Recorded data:
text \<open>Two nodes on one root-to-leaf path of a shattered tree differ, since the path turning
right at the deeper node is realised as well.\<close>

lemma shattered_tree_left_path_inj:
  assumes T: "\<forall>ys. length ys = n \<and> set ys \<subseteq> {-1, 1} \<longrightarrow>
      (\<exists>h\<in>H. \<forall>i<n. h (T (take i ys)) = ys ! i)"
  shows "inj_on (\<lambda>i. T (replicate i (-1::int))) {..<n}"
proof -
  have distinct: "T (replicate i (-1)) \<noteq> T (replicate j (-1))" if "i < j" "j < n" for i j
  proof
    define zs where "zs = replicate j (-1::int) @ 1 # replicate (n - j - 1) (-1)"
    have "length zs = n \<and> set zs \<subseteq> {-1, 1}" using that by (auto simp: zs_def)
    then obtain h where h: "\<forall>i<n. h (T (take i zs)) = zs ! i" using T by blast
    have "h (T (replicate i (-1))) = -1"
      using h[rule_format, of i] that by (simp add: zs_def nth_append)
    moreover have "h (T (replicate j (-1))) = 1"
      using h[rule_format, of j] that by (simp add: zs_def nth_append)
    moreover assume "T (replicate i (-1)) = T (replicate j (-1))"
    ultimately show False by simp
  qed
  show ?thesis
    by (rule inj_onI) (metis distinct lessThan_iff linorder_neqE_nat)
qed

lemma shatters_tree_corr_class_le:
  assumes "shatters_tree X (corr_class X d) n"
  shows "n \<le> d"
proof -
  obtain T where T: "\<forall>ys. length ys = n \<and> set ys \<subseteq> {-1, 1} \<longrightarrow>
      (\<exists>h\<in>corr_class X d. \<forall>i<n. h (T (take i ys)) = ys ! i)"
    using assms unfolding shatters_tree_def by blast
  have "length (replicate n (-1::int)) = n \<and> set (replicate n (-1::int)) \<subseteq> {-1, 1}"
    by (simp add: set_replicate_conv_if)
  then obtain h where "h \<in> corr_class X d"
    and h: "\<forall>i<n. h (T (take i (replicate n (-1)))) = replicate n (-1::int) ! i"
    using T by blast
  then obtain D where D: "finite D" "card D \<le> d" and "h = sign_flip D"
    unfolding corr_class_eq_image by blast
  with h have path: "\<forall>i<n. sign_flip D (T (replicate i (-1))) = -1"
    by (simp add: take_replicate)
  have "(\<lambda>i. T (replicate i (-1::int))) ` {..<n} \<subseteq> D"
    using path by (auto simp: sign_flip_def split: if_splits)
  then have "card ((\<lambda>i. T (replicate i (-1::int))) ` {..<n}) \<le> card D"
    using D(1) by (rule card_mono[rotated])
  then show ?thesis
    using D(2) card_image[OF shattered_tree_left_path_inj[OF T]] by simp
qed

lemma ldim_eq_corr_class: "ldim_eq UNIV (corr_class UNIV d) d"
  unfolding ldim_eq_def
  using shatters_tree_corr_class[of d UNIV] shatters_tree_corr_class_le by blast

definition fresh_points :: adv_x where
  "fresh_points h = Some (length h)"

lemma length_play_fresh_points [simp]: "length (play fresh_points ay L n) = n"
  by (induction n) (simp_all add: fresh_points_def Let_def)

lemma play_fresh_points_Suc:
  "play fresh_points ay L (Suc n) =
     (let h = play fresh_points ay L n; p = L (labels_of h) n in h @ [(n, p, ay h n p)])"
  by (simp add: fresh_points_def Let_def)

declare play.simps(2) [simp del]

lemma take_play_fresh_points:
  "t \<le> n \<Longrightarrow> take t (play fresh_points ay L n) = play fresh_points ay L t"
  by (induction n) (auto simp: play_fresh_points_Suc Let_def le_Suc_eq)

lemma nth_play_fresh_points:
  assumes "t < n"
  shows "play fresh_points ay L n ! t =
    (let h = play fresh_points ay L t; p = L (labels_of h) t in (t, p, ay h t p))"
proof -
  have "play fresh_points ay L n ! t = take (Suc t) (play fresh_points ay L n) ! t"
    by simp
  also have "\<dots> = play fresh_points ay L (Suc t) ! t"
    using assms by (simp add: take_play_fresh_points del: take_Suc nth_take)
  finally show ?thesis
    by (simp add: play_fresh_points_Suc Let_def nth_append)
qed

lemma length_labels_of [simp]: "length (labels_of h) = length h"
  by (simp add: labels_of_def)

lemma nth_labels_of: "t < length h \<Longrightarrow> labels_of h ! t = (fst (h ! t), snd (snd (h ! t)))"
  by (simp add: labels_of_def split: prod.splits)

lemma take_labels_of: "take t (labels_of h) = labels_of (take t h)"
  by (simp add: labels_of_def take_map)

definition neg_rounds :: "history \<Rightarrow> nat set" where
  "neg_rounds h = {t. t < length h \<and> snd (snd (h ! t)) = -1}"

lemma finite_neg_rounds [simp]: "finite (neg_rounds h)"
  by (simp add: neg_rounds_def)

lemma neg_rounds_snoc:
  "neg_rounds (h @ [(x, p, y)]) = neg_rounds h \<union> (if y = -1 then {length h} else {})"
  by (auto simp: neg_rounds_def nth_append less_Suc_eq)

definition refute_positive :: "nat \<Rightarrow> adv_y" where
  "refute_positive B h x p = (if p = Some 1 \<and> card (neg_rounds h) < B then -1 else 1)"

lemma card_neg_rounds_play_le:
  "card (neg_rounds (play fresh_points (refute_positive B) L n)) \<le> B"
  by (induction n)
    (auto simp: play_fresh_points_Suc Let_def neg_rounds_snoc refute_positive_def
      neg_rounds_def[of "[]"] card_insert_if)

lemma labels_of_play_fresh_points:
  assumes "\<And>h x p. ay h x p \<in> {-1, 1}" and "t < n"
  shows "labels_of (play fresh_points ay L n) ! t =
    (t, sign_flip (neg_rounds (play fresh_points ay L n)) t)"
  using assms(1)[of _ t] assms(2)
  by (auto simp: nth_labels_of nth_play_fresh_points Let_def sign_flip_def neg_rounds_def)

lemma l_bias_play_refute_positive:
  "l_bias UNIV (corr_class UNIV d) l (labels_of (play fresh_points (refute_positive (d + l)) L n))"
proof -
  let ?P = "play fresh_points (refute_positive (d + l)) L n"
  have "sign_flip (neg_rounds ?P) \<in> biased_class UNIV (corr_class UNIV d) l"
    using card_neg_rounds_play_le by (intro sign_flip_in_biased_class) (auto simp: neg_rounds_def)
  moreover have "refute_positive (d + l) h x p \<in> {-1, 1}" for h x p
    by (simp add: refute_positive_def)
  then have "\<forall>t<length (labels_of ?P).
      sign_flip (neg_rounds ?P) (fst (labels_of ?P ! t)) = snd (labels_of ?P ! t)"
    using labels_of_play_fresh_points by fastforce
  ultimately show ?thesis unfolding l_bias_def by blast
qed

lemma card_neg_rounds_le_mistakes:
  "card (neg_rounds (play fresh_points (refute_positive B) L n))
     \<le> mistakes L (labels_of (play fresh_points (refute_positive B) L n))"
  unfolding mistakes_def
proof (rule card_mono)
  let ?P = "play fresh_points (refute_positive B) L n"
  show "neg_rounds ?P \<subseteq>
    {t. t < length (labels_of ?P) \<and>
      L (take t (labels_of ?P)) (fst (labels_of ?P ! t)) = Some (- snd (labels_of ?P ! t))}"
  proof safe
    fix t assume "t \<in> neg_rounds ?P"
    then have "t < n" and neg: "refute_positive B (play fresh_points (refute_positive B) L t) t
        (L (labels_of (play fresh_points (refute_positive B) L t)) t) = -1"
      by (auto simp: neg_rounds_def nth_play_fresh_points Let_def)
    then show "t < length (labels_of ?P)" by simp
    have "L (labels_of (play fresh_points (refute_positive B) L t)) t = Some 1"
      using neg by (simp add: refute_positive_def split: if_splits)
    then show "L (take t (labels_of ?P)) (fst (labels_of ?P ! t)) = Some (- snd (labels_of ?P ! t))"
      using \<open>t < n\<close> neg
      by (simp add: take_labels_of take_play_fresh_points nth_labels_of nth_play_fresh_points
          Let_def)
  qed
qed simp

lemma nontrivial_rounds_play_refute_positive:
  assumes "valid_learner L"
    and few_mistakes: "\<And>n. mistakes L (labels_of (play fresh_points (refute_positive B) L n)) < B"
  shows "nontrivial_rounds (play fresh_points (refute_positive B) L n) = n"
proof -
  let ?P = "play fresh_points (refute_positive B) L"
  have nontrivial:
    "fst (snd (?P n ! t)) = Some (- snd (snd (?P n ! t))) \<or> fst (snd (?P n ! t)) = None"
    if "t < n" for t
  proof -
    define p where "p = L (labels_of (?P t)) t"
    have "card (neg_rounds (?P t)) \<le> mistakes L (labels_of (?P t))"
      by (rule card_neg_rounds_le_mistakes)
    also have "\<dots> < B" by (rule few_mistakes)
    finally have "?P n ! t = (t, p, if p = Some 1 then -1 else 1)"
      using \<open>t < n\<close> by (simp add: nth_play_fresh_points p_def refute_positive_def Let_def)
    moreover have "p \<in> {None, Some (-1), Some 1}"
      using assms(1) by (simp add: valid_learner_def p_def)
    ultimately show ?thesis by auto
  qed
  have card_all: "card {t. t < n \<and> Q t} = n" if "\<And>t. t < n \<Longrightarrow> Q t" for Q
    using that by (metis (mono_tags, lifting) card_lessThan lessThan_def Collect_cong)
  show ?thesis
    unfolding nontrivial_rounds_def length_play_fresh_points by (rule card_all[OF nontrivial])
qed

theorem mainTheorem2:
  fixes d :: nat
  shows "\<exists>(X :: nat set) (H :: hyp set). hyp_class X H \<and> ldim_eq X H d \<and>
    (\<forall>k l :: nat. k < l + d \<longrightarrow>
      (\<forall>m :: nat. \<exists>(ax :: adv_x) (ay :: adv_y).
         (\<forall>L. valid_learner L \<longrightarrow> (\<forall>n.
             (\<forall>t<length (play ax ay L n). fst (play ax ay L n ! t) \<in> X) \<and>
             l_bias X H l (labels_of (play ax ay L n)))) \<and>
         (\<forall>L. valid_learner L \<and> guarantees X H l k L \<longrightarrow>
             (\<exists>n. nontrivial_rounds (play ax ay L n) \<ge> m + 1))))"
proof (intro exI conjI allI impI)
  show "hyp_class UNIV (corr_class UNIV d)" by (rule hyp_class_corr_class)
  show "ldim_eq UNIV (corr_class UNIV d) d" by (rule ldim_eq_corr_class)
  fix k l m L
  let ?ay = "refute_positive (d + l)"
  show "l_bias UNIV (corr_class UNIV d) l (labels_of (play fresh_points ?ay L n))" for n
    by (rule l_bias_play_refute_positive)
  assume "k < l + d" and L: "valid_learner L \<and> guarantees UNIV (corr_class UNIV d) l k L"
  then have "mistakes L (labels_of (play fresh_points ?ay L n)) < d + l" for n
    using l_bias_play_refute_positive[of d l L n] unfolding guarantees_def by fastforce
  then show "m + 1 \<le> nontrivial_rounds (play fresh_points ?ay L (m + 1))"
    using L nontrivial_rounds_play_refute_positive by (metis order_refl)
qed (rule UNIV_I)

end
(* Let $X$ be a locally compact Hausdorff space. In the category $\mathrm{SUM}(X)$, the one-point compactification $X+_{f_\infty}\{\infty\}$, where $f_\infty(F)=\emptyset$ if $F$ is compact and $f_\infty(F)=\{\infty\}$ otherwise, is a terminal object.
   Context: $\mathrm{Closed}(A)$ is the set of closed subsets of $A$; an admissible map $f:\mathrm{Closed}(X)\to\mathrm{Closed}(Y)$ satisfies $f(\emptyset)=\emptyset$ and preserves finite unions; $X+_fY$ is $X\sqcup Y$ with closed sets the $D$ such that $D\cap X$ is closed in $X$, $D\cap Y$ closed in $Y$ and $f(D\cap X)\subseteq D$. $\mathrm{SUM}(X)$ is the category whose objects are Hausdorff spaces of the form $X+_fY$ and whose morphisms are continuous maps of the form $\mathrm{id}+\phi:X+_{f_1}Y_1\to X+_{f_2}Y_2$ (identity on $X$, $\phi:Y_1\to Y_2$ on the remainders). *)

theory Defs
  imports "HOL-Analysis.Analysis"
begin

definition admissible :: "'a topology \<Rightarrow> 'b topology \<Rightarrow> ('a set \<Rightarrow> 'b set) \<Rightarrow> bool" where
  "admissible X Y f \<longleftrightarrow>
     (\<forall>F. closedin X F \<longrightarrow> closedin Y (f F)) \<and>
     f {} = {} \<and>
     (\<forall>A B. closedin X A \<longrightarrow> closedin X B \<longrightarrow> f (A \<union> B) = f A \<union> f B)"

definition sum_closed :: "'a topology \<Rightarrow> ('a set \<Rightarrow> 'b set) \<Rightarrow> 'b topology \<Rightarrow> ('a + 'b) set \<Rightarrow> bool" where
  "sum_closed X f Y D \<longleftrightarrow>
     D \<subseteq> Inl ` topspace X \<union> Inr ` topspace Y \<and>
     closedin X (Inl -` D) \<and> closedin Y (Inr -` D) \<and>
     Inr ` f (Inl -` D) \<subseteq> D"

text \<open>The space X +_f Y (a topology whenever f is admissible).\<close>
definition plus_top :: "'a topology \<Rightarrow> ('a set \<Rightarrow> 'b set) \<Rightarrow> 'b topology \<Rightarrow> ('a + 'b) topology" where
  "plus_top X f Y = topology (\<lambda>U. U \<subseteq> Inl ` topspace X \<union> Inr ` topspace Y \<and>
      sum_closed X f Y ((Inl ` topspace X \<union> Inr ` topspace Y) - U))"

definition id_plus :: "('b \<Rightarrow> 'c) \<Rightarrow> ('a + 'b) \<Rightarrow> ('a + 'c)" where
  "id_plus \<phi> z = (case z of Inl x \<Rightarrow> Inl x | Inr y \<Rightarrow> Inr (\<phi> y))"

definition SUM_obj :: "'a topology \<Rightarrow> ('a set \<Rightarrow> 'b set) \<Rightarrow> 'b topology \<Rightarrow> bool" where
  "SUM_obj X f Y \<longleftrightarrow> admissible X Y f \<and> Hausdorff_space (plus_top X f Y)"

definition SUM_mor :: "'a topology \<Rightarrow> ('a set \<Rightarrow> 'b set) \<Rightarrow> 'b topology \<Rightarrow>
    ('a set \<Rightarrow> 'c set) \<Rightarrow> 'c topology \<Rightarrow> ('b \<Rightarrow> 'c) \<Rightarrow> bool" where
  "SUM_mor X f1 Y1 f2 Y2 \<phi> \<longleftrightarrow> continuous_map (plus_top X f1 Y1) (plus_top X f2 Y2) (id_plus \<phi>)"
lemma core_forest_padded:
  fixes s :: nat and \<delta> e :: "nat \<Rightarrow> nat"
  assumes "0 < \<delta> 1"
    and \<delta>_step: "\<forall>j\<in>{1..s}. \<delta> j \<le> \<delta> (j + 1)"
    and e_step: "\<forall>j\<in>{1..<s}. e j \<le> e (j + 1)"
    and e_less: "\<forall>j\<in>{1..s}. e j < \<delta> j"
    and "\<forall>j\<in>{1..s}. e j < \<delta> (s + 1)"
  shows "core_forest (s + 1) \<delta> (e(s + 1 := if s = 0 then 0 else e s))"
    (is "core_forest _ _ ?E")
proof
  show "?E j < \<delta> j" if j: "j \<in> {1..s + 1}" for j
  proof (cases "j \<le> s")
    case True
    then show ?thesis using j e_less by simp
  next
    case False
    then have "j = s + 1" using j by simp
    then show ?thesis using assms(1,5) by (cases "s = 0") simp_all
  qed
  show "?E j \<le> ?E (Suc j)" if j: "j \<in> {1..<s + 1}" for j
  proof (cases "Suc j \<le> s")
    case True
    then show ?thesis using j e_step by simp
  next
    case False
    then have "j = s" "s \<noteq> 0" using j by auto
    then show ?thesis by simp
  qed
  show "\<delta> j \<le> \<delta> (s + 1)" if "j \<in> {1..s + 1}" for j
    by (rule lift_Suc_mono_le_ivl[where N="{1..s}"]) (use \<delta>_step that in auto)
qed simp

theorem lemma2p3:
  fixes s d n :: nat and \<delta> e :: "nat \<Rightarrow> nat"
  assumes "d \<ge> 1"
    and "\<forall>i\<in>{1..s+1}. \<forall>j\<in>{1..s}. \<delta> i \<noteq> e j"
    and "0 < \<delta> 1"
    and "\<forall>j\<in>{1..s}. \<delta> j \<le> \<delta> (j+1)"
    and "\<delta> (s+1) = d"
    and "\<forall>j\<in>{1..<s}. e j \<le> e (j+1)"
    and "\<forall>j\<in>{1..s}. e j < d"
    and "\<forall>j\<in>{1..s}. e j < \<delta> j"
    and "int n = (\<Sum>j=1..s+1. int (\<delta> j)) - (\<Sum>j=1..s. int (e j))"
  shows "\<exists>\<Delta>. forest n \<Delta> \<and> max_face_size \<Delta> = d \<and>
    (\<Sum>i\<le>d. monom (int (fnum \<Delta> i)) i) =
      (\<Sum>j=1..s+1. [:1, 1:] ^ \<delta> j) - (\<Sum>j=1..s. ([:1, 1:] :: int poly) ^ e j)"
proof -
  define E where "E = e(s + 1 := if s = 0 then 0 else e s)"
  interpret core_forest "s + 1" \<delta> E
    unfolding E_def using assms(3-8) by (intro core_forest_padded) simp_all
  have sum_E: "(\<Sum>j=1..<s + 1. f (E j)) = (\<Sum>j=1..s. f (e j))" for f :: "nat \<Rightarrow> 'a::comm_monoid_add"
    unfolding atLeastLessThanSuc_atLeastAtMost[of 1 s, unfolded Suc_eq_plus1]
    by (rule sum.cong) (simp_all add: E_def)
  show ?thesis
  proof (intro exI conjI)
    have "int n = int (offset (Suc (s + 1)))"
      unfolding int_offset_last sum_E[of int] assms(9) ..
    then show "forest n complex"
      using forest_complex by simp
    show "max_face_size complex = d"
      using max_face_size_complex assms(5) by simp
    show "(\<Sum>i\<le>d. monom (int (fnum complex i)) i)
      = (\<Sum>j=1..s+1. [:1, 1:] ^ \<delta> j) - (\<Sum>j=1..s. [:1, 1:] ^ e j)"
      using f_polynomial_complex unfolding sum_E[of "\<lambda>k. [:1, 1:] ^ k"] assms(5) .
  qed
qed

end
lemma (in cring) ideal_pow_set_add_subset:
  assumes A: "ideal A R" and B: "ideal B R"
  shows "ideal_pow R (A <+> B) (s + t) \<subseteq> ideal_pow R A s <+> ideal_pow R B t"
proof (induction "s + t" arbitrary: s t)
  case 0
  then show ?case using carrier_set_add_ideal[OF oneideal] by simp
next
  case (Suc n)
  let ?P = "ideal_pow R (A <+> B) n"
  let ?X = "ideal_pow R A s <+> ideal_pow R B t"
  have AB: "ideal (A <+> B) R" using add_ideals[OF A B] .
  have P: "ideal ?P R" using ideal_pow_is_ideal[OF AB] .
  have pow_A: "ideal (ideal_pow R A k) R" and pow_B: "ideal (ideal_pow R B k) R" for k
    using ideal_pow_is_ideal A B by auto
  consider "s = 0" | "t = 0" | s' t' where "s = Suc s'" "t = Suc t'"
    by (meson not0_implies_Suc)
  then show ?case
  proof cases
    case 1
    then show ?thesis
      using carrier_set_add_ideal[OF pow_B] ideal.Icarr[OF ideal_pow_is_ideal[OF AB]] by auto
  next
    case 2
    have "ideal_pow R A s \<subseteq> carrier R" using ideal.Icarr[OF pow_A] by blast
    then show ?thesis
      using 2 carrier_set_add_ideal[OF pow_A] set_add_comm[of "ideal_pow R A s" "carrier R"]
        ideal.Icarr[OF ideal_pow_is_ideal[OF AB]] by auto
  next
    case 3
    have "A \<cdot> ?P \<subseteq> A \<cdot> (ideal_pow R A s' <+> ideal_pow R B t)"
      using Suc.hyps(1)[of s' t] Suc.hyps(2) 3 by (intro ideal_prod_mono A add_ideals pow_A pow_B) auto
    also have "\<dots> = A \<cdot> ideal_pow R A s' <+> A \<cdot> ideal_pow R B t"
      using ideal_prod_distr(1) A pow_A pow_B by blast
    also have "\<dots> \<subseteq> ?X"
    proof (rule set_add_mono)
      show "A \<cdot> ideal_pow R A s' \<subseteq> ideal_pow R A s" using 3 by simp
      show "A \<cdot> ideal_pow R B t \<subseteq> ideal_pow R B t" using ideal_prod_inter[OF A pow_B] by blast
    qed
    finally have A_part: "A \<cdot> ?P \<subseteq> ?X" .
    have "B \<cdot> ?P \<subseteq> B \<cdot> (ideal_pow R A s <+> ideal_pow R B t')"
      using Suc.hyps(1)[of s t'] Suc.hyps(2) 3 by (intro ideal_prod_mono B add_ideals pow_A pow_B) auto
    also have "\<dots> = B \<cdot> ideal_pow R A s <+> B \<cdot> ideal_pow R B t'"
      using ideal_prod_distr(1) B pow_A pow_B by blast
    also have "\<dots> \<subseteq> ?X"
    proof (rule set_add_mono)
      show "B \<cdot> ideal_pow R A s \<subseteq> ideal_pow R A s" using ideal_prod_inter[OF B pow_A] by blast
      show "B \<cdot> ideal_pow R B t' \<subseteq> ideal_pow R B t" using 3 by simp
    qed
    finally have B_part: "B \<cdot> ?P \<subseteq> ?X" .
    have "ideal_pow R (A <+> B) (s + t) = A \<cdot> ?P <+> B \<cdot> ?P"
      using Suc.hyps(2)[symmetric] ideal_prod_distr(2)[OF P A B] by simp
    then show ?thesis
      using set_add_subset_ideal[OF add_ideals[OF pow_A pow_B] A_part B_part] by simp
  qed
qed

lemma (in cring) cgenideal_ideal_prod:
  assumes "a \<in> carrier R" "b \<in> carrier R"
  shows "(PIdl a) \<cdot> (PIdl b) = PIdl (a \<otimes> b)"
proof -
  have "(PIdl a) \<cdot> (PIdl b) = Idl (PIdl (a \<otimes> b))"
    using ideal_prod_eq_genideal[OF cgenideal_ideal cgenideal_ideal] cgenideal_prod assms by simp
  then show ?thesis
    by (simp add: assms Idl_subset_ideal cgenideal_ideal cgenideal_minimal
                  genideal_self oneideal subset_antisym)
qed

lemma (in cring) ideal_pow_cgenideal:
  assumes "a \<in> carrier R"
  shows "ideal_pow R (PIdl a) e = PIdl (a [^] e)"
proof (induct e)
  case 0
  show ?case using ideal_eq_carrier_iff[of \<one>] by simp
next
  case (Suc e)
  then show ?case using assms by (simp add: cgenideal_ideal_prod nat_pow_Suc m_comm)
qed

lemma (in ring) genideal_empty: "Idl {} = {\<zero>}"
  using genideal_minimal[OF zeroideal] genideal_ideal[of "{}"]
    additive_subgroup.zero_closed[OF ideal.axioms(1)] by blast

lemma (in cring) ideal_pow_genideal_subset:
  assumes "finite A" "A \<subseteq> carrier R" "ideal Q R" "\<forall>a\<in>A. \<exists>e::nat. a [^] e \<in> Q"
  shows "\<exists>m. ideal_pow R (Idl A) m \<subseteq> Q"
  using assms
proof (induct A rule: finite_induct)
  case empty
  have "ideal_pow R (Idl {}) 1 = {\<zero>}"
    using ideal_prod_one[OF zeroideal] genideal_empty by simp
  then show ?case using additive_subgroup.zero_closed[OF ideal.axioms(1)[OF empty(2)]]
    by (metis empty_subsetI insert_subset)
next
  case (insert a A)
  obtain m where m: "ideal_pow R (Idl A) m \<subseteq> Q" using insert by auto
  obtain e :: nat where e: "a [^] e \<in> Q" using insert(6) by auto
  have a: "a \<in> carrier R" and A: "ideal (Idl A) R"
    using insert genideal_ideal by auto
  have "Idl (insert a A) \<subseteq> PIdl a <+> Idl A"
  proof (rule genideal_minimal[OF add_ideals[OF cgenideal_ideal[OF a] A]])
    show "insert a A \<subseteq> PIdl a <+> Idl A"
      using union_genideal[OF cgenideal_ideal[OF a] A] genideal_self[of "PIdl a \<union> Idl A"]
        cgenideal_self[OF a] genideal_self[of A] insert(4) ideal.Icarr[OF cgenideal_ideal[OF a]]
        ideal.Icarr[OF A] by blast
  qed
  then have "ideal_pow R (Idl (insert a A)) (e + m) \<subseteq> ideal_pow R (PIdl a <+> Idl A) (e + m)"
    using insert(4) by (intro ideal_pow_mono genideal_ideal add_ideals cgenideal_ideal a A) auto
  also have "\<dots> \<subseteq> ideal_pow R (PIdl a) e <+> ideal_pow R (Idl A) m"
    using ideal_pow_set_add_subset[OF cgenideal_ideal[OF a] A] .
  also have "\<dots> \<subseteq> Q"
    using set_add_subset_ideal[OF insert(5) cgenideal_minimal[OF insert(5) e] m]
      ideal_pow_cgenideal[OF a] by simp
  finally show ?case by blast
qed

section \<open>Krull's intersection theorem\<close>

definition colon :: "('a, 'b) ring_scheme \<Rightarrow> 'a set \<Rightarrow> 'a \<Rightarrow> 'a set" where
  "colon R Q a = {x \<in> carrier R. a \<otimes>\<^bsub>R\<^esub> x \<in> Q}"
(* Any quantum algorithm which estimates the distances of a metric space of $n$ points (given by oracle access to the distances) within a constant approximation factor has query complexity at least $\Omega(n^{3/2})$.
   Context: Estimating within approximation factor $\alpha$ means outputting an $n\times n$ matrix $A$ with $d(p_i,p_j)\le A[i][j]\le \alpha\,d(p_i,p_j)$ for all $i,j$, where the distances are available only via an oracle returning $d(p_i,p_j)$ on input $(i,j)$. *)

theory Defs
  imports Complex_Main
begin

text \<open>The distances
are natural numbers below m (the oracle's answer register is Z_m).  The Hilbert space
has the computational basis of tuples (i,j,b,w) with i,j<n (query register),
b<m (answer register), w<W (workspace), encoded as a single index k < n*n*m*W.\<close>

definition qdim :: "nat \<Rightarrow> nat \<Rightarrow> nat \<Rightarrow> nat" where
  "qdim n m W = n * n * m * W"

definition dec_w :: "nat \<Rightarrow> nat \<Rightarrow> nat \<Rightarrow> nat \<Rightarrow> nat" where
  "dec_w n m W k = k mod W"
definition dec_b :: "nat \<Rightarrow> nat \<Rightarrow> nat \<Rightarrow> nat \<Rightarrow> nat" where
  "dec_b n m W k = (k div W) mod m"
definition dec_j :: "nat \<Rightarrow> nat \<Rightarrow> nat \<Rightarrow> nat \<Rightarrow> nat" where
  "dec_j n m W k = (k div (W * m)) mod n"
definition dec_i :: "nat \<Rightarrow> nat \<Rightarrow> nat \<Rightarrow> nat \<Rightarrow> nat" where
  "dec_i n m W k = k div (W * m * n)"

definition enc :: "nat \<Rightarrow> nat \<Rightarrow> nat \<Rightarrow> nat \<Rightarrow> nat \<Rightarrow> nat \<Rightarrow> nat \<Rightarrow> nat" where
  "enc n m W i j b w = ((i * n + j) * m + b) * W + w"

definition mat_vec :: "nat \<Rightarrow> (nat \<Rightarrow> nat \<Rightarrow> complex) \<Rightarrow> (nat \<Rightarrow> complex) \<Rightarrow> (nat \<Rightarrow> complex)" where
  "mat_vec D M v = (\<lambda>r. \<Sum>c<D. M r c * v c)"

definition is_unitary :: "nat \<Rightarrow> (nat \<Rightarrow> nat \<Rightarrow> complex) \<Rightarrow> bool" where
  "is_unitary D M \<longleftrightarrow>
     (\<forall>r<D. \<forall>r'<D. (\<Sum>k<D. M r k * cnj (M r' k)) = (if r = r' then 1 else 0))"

▶ [REQUIRED WORK]: Would you copy out exactly the lines above that start at the one containing "B pow_A] by blast" and end at the one containing "by (simp add: assms", inclusive?

▶ [FINAL ANSWER]:
      show "B \<cdot> ideal_pow R A s \<subseteq> ideal_pow R A s" using ideal_prod_inter[OF B pow_A] by blast
      show "B \<cdot> ideal_pow R B t' \<subseteq> ideal_pow R B t" using 3 by simp
    qed
    finally have B_part: "B \<cdot> ?P \<subseteq> ?X" .
    have "ideal_pow R (A <+> B) (s + t) = A \<cdot> ?P <+> B \<cdot> ?P"
      using Suc.hyps(2)[symmetric] ideal_prod_distr(2)[OF P A B] by simp
    then show ?thesis
      using set_add_subset_ideal[OF add_ideals[OF pow_A pow_B] A_part B_part] by simp
  qed
qed

lemma (in cring) cgenideal_ideal_prod:
  assumes "a \<in> carrier R" "b \<in> carrier R"
  shows "(PIdl a) \<cdot> (PIdl b) = PIdl (a \<otimes> b)"
proof -
  have "(PIdl a) \<cdot> (PIdl b) = Idl (PIdl (a \<otimes> b))"
    using ideal_prod_eq_genideal[OF cgenideal_ideal cgenideal_ideal] cgenideal_prod assms by simp
  then show ?thesis
    by (simp add: assms Idl_subset_ideal cgenideal_ideal cgenideal_minimal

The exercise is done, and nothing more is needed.